NTB Growth Momentum Continues
The Bank closed the first half with a post tax profit of Rs. 893Mn,
surpassing the comparative period of last year by 21%. Core-earnings
posted good growth over 2011 with revenue increasing at a higher rate of
13%, compared to an expense growth of 11%. The performance was primarily
driven by four strategic business units comprising of Retail & SME,
Credit Cards, Corporate Banking and Treasury, which recorded both volume
growth and profit growth for the period.
Leasing also performed well, despite industry wide challenges arising
from the changes in the import tax structure for vehicles. The Bank
continued to progress well in diversifying its portfolio and earnings
base, while optimizing returns in a controlled growth environment.
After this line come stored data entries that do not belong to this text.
(* Paths from a state of U0 carry total weight at most 1 (they describe disjoint events),
   by induction on the path length: the path [x] has weight exp(-q(x) t), the longer ones
   are one-step extensions of shorter paths and are bounded by the previous lemma. *)
lemma weight_sum_le_one_bounded_length:
  assumes p: "0 \<le> p" "p \<le> 1"
  shows "x \<in> U0 \<Longrightarrow> 0 \<le> t \<Longrightarrow> finite F \<Longrightarrow> F \<subseteq> {xs. xs \<noteq> [] \<and> hd xs = x \<and> length xs \<le> N} \<Longrightarrow>
    (\<Sum>xs\<in>F. path_weight p xs t) \<le> 1"
proof (induction N arbitrary: x t F)
  case 0
  then show ?case
    by (subgoal_tac "F = {}") auto
next
  case (Suc N)
  define w where "w xs = path_weight p xs t" for xs
  define G where "G = tl ` (F - {[x]})"
  have collapse: "xs = x # tl xs" if "xs \<in> F - {[x]}" for xs
    using Suc.prems(4) that by (cases xs) auto
  then have F_rest: "F - {[x]} = Cons x ` G"
    unfolding G_def image_image by (auto simp: image_iff)
  have G: "finite G" "\<And>zs. zs \<in> G \<Longrightarrow> zs \<noteq> [] \<and> length zs \<le> N"
    using Suc.prems(3,4) collapse by (fastforce simp: G_def)+
  have "(\<Sum>xs\<in>F. w xs) = (\<Sum>xs\<in>F \<inter> {[x]}. w xs) + (\<Sum>zs\<in>G. w (x # zs))"
    unfolding sum.Int_Diff[OF Suc.prems(3), of _ "{[x]}"] F_rest by (simp add: sum.reindex)
  also have "(\<Sum>xs\<in>F \<inter> {[x]}. w xs) \<le> exp (- sep_exit p x * t)"
    using sum_mono2[of "{[x]}" "F \<inter> {[x]}" w] path_weight_nonneg[OF p Suc.prems(2)] by (simp add: w_def)
  also have "(\<Sum>zs\<in>G. w (x # zs)) \<le> 1 - exp (- sep_exit p x * t)"
    unfolding w_def
  proof (rule extensions_weight_sum_le[OF p Suc.prems(1,2) G(1)])
    fix y s assume "y \<in> U0" "0 \<le> s" "s \<le> t"
    then show "(\<Sum>zs\<in>{zs \<in> G. hd zs = y}. path_weight p zs s) \<le> 1"
      using G by (intro Suc.IH) auto
  qed (use G in auto)
  finally show ?case
    by (simp add: w_def)
qed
Ronnie Peiris, Chairman, Nations Trust Bank and Saliya
Rajakaruna CEO/ Director, Nations Trust Bank |
Maintaining net Interest Margins across the businesses were
challenging due to the rising cost of funds and intensifying competition
for deposits. Timely intervention in pricing the asset and liability
portfolios and growth in business volumes across all businesses
mitigated margin pressure to a great extent and resulted in net interest
income recording a growth of 11% over the previous period.
Non fund based income recorded a robust growth of 16% over the
previous period. Changes to import tax regulations, coupled with the
depreciation of the rupee, curtailed imports volume and impacted the
Bank’s Trade Finance income. Credit cards income recorded a commendable
growth of 32%, stemming from both the acquiring and issuing businesses.
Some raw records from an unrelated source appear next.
definition c0 :: "(nat \<Rightarrow> real) set" where
  "c0 = {s. s \<longlonglongrightarrow> 0}"

definition unitvec :: "nat \<Rightarrow> nat \<Rightarrow> real" where
  "unitvec i = (\<lambda>n. if n = i then 1 else 0)"

definition finNE :: "nat set set" where
  "finNE = {S. finite S \<and> S \<noteq> {}}"

definition xstar :: "nat \<Rightarrow> nat set \<Rightarrow> real" where
  "xstar n = (\<lambda>S. if S \<in> finNE \<and> n \<in> S then 1 else 0)"

definition Phi :: "((nat set \<Rightarrow> real) \<Rightarrow> real) \<Rightarrow> nat \<Rightarrow> real" where
  "Phi f = (\<lambda>n. f (xstar n))"

definition fbl_c0_lattice_hom :: "'a set \<Rightarrow> ((('a \<Rightarrow> real) \<Rightarrow> real) \<Rightarrow> nat \<Rightarrow> real) \<Rightarrow> bool" where
  "fbl_c0_lattice_hom A T \<longleftrightarrow>
     (\<forall>f\<in>FBL A. T f \<in> c0) \<and>
     (\<forall>f\<in>FBL A. \<forall>g\<in>FBL A. T (\<lambda>x. f x + g x) = (\<lambda>n. T f n + T g n)) \<and>
     (\<forall>f\<in>FBL A. \<forall>c. T (\<lambda>x. c * f x) = (\<lambda>n. c * T f n)) \<and>
     (\<forall>f\<in>FBL A. \<forall>g\<in>FBL A. T (\<lambda>x. max (f x) (g x)) = (\<lambda>n. max (T f n) (T g n))) \<and>
     (\<exists>C. \<forall>f\<in>FBL A. ereal (SUP n. \<bar>T f n\<bar>) \<le> ereal C * fbl_norm A f)"

end

theory Submission
  imports Defs
begin

text \<open>Each point x_n* is by itself an admissible family, so evaluation at it is bounded
  by the FBL norm: hence Phi is a contractive lattice homomorphism, and FBL norm limits become
  uniform limits of sequences, under which c_0 is closed. The generators are mapped to finitely
  supported sequences, so Phi lands in c_0. For surjectivity, a sequence in c_0 is a sum of
  finitely supported blocks r_k with sup norm at most B 2^-k. A finitely supported r bounded by c
  is the image of the sum of the r_j delta_{j} clamped between -c delta_F and c delta_F, for a set
  F containing the support; this preimage has FBL norm at most c, so the preimages of the blocks
  form an absolutely convergent series in FBL.\<close>

lemma sums_sum_list:
  fixes F :: "'a \<Rightarrow> nat \<Rightarrow> 'b::{t2_space,topological_comm_monoid_add}"
  shows "(\<And>x. x \<in> set xs \<Longrightarrow> summable (F x)) \<Longrightarrow> (\<lambda>k. \<Sum>x\<leftarrow>xs. F x k) sums (\<Sum>x\<leftarrow>xs. \<Sum>k. F x k)"
  by (induction xs) (auto intro!: sums_add)

lemma tendsto_zero_if_uniform_approx:
  fixes f :: "nat \<Rightarrow> real"
  assumes g: "\<And>n. g n \<longlonglongrightarrow> 0"
    and approx: "\<And>e. e > 0 \<Longrightarrow> \<exists>n. \<forall>m. \<bar>g n m - f m\<bar> < e"
  shows "f \<longlonglongrightarrow> 0"
proof (rule LIMSEQ_I)
  fix e :: real assume "e > 0"
  then obtain n where n: "\<And>m. \<bar>g n m - f m\<bar> < e / 2"
    using approx[of "e / 2"] by auto
  obtain N where N: "\<And>m. m \<ge> N \<Longrightarrow> \<bar>g n m\<bar> < e / 2"
    using LIMSEQ_D[OF g, of "e / 2"] \<open>e > 0\<close> by auto
  have "\<bar>f m\<bar> < e" if "m \<ge> N" for m
    using n[of m] N[OF that] by linarith
  then show "\<exists>N. \<forall>m\<ge>N. norm (f m - 0) < e" by auto
qed

lemma c0_geometric_thresholds:
  fixes s :: "nat \<Rightarrow> real"
  assumes "s \<longlonglongrightarrow> 0" "B > 0" "\<And>m. \<bar>s m\<bar> \<le> B"
  obtains M :: "nat \<Rightarrow> nat" where "M 0 = 0" "mono M" "\<And>k. k \<le> M k"
    "\<And>k m. M k \<le> m \<Longrightarrow> \<bar>s m\<bar> \<le> B * (1/2)^k"
proof -
  have "\<exists>N. \<forall>m\<ge>N. \<bar>s m\<bar> \<le> B * (1/2)^k" for k
    using LIMSEQ_D[OF assms(1), of "B * (1/2)^k"] \<open>B > 0\<close> by (auto intro: less_imp_le)
  then obtain N where N: "\<And>k m. m \<ge> N k \<Longrightarrow> \<bar>s m\<bar> \<le> B * (1/2)^k"
    by metis
  define M where "M k = (\<Sum>j\<in>{1..k}. N j) + k" for k
  show thesis
  proof
    show "M 0 = 0" "mono M" "\<And>k. k \<le> M k"
      by (simp_all add: M_def mono_iff_le_Suc)
    show "\<bar>s m\<bar> \<le> B * (1/2)^k" if "M k \<le> m" for k m
    proof (cases "k = 0")
      case False
      then have "N k \<le> M k" by (simp add: M_def member_le_sum trans_le_add1)
      then show ?thesis using that by (intro N) simp
    qed (use assms(3) in simp)
  qed
qed

lemma c0_geometric_decomposition:
  assumes "s \<in> c0"
  obtains B and r :: "nat \<Rightarrow> nat \<Rightarrow> real" where
    "\<And>k. finite {m. r k m \<noteq> 0}" "\<And>k m. \<bar>r k m\<bar> \<le> B * (1/2)^k" "\<And>m. (\<lambda>k. r k m) sums s m"
proof -
  have s: "s \<longlonglongrightarrow> 0" using assms by (simp add: c0_def)
  obtain B where "B > 0" "\<And>m. \<bar>s m\<bar> \<le> B"
    using convergent_imp_Bseq[OF convergentI[OF s]] by (auto elim!: BseqE)
  then obtain M where M: "M 0 = 0" "mono M" "\<And>k. k \<le> M k"
    and tail: "\<And>k m. M k \<le> m \<Longrightarrow> \<bar>s m\<bar> \<le> B * (1/2)^k"
    using c0_geometric_thresholds[OF s] by blast
  define T where "T K m = (if m < M K then s m else 0)" for K m
  define r where "r k m = T (Suc k) m - T k m" for k m
  show thesis
  proof
    fix k
    have "M k \<le> M (Suc k)" using \<open>mono M\<close> by (simp add: monoD)
    then have "r k m = 0" if "m \<ge> M (Suc k)" for m
      using that by (simp add: r_def T_def)
    then have "{m. r k m \<noteq> 0} \<subseteq> {..<M (Suc k)}"
      by (auto simp: not_less[symmetric])
    then show "finite {m. r k m \<noteq> 0}"
      by (rule finite_subset) simp
    show "\<bar>r k m\<bar> \<le> B * (1/2)^k" for m
      using tail[of k m] \<open>B > 0\<close> \<open>M k \<le> M (Suc k)\<close> by (simp add: r_def T_def)
  next
    show "(\<lambda>k. r k m) sums s m" for m
    proof -
      have "(\<Sum>k<K. r k m) = T K m" for K
        using sum_lessThan_telescope[of "\<lambda>k. T k m" K] by (simp add: r_def T_def M)
      moreover have "T K m = s m" if "K > m" for K
        using M(3)[of K] that by (simp add: T_def)
      ultimately have "\<forall>\<^sub>F K in sequentially. (\<Sum>k<K. r k m) = s m"
        unfolding eventually_sequentially by (metis Suc_le_eq)
      then show ?thesis
        unfolding sums_def by (rule tendsto_eventually)
    qed
  qed
qed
Both local and destination spend increased by over 25% compared to the
1H of previous year driven by significant expansion in the Bank’s card
issuances. Forex income also recorded a notable growth as a result of
currency volatility in the market.
The Bank continued to manage costs, curtailing the increase in
expenses to 11%, despite investments made in expanding the delivery
network and building the brand. No material shifts were seen in the cost
composition for the year. Group cost income ratio stood at 59% on par
with the previous period. Continuous emphasis has been made to improve
cost efficiency and productivity across the key cost lines processes and
functions of the bank.
After 6 months of rigorous process re-engineering and improvements,
the bank is currently reaping the benefits with substantial savings
generated from identified expense lines.
As part of its focus on cost efficiency and productivity measures,
the bank also took the first steps in digitalizing a number of its
internal processes, starting from the Boardroom. With the introduction
of the iPad Board Application, the Bank eliminated costs in terms of
paper usage, printing and couriering, whilst giving Board Members access
to all past and current board papers at the click of a button, enabling
both simpler and faster decision making.
A number of other similar projects have commenced across the
organisation.
A sound credit risk management framework in the Bank ensured a
healthy NPL ratio of 2.91% compared to 2.79% reported in December 2011.
Loan loss provisions which comprises of specific provision write-back
and a general provision charge in line with the asset growth for the
quarter, was comparatively higher than the previous period which
recorded reversals on both categories.
The Bank also managed to grow its loan book by 13% to Rs 71Bn and
deposits by 22% to Rs. 81Bn. Whilst the loan growth was on par with
industry, deposit growth exceeded the market. A significant portion of
the funding of the asset book was through deposits which also improved
the Loans to Deposit ratio, bringing in increased stability to the
balance sheet.
Driving low cost deposits continued to be challenging with such
deposits contributing to only 11% of the growth recorded for the 6
months period.
The rising interest rates have resulted in a steep shift towards term
deposits, with customers opting for higher returns on their regular
savings and investments. The Bank launched a savings campaign to reward
customers across the branch network and has seen steady positive
results.
The capital position was at a sound Rs.9.0Bn with Capital Adequacy
Ratios both at Tier 1 and 2 maintained at comfortable levels.
In line with the strategy of expanding customer touch points to
enhance accessibility and convenience, the branch network expanded its
footprint by opening 4 new branches in Nelliyadi, Kaduruwela, Aluthgama
and Wennappuwa. Two SME business centres were also opened in Kurunegala
and Anuradhapura, with the SME Toolkit being offered at these centres.
Several ties-up were established with remittance houses across the globe
and the Retail team made numerous visits to the Middle Eastern and
European countries to enhance relationships and promote the Nations
Trust brand as a key player to the Sri Lankan expatriate population.